◆ Exercise directions ◆
Gather all lines in the records below that include the word "assumes".

◆ Excerpted records ◆
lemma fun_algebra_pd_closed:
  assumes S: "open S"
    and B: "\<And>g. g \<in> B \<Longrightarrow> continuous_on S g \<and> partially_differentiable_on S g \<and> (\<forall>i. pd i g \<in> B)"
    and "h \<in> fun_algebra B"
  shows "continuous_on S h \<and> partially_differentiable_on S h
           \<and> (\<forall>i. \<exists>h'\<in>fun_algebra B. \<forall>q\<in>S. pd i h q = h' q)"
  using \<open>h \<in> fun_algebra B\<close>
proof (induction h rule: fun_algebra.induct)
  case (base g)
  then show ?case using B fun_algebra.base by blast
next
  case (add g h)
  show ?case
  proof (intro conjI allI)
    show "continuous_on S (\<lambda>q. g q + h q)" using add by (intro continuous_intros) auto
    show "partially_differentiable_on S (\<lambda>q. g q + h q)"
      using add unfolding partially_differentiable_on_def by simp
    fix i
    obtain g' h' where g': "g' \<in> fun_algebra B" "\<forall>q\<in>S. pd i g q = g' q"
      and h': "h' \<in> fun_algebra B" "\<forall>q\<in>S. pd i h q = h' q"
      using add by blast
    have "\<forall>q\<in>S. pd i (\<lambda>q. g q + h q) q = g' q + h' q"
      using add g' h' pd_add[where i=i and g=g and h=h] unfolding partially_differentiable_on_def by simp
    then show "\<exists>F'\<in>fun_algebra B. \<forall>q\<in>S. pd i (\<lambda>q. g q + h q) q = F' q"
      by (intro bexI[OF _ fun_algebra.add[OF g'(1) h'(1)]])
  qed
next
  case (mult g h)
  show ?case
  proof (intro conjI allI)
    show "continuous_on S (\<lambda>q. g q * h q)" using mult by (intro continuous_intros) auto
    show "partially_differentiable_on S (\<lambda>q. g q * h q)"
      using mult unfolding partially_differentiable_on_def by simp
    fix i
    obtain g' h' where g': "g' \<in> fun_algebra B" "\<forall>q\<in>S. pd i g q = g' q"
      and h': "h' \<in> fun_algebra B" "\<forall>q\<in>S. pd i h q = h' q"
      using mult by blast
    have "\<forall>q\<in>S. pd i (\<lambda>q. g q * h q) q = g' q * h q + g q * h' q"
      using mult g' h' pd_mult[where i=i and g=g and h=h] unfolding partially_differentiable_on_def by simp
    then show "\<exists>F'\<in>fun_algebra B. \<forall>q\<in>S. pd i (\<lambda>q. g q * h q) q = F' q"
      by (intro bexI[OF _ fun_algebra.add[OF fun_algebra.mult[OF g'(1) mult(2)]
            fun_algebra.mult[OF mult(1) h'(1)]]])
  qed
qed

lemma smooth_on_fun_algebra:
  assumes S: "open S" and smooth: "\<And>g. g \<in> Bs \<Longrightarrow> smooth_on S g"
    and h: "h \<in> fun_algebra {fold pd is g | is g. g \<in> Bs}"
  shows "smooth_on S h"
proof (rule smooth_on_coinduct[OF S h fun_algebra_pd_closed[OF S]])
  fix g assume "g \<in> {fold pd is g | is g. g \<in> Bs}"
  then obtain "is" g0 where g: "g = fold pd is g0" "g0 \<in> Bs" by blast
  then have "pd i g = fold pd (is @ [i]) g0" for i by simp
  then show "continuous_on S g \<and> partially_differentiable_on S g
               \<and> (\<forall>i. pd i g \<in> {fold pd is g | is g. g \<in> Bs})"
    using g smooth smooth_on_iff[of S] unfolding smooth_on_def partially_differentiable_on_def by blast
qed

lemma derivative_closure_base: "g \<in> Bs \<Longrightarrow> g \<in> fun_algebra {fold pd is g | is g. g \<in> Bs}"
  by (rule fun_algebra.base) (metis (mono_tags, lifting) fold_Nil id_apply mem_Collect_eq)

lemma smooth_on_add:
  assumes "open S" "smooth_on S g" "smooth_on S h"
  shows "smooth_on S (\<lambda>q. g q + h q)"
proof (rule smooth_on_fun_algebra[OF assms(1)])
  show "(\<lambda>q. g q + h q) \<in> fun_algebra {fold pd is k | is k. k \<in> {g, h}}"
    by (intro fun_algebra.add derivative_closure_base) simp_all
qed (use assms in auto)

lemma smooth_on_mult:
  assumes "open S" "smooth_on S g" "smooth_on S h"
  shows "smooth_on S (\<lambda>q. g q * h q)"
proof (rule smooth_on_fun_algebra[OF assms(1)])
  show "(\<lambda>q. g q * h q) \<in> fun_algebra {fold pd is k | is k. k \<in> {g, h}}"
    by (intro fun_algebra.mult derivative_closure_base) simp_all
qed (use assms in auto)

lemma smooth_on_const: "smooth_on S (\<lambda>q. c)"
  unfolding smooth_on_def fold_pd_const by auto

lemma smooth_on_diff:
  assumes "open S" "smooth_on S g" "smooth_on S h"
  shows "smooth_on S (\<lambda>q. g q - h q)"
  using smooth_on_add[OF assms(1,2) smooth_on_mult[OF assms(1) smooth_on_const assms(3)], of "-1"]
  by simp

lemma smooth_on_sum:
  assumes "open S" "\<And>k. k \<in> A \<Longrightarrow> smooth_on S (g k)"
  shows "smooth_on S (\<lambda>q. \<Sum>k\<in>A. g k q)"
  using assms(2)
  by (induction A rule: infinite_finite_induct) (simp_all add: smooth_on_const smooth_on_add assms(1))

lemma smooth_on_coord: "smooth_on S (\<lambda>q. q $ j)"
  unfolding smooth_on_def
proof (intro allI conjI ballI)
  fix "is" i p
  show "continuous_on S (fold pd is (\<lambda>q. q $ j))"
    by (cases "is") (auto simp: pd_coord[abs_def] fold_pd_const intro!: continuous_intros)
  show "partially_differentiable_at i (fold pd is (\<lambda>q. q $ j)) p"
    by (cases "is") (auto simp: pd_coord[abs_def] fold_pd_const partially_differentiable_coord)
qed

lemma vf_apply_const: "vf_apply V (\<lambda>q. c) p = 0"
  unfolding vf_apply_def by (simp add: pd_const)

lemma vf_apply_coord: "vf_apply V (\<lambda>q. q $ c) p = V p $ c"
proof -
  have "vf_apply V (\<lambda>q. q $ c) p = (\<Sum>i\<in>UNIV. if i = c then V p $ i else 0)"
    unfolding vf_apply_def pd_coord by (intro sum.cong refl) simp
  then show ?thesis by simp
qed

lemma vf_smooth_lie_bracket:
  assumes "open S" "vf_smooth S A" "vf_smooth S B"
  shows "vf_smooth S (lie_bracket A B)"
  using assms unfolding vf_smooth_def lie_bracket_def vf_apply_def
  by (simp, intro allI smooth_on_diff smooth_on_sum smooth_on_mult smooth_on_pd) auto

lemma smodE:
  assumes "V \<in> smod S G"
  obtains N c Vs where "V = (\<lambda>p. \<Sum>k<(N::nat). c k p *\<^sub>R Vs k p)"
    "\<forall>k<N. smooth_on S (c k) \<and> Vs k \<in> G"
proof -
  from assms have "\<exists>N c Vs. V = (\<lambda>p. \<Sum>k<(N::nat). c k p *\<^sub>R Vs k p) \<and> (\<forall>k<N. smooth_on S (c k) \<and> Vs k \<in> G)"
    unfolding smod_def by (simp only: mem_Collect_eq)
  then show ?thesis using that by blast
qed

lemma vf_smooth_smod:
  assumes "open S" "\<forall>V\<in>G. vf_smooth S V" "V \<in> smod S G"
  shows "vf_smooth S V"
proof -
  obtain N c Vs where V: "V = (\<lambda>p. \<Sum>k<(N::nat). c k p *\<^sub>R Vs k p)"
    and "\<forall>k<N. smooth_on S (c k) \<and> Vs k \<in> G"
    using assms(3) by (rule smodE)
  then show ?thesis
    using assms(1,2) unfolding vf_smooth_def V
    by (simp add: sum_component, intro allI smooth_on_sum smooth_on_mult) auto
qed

--

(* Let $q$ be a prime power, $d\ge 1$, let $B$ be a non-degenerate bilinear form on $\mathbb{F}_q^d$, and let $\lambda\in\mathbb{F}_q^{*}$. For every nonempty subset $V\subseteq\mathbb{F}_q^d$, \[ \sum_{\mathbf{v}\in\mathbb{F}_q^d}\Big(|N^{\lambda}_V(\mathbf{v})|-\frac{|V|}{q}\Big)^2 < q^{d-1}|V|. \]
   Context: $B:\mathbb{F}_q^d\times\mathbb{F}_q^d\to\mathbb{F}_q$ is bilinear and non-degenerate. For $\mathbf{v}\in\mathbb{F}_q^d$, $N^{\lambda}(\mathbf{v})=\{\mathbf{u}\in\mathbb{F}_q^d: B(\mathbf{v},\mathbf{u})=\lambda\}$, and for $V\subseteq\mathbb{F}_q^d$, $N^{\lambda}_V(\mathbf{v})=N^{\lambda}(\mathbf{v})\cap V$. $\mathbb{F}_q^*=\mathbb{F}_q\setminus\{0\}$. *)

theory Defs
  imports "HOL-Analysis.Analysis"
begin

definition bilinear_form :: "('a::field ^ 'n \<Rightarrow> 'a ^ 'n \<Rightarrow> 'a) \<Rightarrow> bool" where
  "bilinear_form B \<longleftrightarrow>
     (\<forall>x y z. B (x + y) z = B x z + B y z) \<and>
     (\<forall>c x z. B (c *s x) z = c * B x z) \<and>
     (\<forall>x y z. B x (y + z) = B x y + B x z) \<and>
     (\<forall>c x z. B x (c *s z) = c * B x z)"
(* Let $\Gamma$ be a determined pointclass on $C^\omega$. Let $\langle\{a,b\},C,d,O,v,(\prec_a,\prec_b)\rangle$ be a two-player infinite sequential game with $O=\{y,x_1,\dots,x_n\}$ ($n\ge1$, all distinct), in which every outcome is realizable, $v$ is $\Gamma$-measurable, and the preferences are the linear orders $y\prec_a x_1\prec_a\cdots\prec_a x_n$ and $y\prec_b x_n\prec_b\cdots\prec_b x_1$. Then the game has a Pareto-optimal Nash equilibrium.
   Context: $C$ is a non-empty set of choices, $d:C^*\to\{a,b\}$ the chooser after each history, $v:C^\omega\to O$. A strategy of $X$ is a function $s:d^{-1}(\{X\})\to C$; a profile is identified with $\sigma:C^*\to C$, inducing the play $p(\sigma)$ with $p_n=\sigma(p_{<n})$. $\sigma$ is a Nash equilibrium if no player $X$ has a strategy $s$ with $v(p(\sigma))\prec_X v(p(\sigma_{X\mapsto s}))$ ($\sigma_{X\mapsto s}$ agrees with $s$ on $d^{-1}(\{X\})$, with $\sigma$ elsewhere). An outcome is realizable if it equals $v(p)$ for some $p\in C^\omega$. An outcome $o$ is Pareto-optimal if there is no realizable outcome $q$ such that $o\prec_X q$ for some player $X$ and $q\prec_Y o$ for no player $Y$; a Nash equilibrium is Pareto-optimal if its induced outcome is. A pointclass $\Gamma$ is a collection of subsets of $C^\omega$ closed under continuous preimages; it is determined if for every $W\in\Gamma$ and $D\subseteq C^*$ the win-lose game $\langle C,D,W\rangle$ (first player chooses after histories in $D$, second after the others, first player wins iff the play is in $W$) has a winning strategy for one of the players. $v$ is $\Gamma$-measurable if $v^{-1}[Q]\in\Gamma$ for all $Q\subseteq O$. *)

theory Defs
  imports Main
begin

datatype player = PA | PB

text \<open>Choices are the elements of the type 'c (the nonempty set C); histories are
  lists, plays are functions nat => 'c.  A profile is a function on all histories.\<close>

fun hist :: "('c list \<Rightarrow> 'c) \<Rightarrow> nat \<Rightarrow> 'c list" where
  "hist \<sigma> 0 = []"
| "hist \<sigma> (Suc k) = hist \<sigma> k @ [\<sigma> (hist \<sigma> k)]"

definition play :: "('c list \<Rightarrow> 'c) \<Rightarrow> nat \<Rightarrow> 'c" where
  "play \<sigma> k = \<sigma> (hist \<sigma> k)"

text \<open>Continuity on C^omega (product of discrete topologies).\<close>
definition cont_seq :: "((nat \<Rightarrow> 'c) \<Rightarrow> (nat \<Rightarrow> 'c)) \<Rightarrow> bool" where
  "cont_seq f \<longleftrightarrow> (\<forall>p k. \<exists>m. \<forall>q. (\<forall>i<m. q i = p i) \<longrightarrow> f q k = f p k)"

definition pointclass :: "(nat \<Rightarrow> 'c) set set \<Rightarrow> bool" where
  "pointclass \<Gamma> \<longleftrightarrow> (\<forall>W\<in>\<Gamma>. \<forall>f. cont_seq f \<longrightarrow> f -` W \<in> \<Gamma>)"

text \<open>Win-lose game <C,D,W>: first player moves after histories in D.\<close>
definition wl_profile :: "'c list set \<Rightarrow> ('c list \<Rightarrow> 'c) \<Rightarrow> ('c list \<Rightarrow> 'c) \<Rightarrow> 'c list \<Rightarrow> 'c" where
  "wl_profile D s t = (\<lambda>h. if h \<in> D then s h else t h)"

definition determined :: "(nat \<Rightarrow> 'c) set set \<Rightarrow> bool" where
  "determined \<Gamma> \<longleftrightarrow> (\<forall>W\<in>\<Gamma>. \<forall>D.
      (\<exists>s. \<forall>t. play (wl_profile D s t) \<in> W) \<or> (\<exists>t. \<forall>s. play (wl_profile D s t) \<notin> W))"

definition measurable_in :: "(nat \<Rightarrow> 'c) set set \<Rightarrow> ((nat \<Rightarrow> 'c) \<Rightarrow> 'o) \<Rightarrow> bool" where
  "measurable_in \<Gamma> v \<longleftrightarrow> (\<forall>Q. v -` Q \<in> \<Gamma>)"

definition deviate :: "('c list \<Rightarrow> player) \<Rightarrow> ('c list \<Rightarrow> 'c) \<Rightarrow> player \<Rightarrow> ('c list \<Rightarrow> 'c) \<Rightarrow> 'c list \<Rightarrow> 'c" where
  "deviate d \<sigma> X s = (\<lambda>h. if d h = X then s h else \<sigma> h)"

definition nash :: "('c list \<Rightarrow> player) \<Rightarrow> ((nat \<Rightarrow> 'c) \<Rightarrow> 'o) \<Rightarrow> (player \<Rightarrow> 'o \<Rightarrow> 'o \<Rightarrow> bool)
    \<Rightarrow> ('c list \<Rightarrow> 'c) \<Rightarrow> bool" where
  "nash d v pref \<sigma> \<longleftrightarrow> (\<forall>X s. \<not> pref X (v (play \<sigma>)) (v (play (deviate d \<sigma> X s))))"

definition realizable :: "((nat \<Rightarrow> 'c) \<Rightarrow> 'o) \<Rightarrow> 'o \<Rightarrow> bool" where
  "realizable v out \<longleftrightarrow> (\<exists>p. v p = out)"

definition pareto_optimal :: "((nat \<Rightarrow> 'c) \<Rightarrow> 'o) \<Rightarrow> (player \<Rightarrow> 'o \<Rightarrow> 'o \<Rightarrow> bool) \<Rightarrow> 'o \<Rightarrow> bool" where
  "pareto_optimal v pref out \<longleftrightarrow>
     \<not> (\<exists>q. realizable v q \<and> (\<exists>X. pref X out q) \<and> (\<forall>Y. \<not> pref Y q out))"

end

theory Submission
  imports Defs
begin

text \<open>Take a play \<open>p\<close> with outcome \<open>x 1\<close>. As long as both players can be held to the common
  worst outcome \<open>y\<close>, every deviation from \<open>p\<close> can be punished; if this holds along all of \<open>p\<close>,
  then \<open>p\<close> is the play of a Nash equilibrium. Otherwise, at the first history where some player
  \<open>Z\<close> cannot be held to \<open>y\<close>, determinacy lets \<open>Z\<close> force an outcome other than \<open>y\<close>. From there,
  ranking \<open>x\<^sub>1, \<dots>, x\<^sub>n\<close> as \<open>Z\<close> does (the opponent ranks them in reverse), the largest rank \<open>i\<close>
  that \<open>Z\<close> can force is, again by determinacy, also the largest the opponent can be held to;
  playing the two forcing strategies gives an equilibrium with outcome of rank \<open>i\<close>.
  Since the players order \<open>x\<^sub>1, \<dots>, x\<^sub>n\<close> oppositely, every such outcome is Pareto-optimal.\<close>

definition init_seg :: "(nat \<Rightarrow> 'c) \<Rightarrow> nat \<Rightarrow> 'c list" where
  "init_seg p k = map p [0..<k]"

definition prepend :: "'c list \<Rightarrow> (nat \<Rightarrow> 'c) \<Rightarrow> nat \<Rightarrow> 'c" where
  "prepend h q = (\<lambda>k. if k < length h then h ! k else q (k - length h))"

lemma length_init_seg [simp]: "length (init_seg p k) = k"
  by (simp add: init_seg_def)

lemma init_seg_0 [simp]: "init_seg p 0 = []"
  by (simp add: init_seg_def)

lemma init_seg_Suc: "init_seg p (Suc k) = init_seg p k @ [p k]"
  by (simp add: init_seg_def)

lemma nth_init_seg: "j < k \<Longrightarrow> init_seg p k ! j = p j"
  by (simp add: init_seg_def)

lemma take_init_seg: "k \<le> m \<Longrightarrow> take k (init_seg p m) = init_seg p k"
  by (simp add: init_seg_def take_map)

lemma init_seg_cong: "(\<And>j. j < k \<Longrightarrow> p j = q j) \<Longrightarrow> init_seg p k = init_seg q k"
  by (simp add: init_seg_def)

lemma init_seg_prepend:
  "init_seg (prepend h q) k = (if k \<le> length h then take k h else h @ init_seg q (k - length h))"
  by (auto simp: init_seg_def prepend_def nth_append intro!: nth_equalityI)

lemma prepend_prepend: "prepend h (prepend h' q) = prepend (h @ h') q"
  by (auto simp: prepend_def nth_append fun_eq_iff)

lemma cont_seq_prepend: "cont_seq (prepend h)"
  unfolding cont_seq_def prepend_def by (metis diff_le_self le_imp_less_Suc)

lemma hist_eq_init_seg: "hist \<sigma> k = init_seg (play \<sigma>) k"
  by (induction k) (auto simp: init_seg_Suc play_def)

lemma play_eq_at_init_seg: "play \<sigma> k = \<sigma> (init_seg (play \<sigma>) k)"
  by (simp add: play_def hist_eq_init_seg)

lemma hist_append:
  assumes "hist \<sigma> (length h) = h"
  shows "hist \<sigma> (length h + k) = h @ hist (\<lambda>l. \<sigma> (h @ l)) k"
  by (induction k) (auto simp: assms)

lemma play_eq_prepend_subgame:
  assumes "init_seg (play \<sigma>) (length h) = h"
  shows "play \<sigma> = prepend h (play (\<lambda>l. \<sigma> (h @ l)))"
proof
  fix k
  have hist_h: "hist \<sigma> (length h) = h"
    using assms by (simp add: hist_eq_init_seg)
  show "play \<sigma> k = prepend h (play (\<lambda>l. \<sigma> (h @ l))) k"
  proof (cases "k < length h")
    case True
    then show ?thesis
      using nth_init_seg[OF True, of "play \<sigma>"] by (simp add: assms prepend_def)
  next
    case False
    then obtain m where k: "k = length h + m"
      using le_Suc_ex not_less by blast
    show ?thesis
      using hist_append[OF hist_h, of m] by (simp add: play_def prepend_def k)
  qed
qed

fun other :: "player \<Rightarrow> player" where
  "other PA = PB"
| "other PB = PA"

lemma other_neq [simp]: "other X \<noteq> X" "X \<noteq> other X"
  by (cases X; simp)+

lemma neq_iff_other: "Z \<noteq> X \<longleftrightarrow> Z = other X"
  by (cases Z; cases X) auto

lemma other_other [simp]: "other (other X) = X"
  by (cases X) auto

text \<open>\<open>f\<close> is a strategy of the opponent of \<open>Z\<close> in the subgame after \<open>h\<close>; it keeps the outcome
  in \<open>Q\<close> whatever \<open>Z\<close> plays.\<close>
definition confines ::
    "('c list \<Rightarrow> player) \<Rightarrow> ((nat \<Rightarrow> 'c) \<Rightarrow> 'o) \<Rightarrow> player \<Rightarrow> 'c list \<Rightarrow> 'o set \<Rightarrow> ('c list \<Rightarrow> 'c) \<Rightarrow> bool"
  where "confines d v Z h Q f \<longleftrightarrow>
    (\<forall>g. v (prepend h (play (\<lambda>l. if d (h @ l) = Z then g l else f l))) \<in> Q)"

◆ The answer ◆
  assumes S: "open S"
  assumes S: "open S" and smooth: "\<And>g. g \<in> Bs \<Longrightarrow> smooth_on S g"
  assumes "open S" "smooth_on S g" "smooth_on S h"
  assumes "open S" "smooth_on S g" "smooth_on S h"
  assumes "open S" "smooth_on S g" "smooth_on S h"
  assumes "open S" "\<And>k. k \<in> A \<Longrightarrow> smooth_on S (g k)"
  assumes "open S" "vf_smooth S A" "vf_smooth S B"
  assumes "V \<in> smod S G"
  assumes "open S" "\<forall>V\<in>G. vf_smooth S V" "V \<in> smod S G"
  assumes "hist \<sigma> (length h) = h"
  assumes "init_seg (play \<sigma>) (length h) = h"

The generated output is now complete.